**TASK INSTRUCTIONS**
Find all lines with the word "moreover" in the material, then copy them.

**STUDY MATERIAL**
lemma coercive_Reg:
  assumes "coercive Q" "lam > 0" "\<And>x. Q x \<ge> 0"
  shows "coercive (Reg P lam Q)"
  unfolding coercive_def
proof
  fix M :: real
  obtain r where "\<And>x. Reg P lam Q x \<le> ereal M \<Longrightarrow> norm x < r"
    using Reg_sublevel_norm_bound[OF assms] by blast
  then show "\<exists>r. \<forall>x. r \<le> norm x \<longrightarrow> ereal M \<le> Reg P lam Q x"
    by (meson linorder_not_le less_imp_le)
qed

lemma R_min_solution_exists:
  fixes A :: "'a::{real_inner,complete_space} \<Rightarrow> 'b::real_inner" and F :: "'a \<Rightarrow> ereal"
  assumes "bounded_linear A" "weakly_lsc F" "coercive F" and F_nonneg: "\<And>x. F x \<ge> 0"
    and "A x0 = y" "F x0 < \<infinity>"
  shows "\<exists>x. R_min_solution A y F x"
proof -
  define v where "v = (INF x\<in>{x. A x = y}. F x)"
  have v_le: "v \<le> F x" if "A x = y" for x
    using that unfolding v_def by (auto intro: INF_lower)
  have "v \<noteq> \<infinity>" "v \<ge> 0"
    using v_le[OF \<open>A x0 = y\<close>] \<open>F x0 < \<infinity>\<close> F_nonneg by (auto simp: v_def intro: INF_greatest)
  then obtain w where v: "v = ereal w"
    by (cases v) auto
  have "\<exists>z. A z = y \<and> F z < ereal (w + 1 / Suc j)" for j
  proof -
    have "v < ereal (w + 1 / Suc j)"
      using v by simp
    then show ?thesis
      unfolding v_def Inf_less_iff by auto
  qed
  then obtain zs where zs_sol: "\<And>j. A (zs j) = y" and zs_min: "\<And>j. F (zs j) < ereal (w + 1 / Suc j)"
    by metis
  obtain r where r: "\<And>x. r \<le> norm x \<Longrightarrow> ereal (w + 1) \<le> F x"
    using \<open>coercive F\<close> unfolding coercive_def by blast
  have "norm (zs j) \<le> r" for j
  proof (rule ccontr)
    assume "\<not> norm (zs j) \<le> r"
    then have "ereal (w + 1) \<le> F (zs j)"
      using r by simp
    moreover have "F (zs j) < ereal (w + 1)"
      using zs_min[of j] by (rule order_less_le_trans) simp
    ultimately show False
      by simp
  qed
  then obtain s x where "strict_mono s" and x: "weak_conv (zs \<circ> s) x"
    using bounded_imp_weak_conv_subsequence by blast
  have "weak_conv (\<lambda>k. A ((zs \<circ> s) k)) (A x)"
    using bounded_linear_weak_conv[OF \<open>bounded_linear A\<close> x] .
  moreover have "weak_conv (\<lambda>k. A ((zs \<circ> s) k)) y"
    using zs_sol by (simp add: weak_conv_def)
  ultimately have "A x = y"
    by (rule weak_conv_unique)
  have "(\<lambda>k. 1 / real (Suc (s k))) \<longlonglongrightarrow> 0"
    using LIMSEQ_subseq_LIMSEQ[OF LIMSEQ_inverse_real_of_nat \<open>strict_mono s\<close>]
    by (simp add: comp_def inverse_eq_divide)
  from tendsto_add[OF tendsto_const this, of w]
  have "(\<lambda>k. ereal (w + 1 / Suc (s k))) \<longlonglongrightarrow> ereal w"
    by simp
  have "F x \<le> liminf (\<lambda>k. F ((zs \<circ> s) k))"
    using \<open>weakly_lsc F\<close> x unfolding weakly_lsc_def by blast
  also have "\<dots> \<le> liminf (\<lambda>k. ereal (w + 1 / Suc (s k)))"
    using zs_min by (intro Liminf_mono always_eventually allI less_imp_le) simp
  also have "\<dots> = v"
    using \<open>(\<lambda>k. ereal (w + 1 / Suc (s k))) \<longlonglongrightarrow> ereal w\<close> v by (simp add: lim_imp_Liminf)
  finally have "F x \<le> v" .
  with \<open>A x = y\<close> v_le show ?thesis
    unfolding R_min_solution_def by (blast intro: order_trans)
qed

**SOLUTION BELOW**
    moreover have "F (zs j) < ereal (w + 1)"
  moreover have "weak_conv (\<lambda>k. A ((zs \<circ> s) k)) y"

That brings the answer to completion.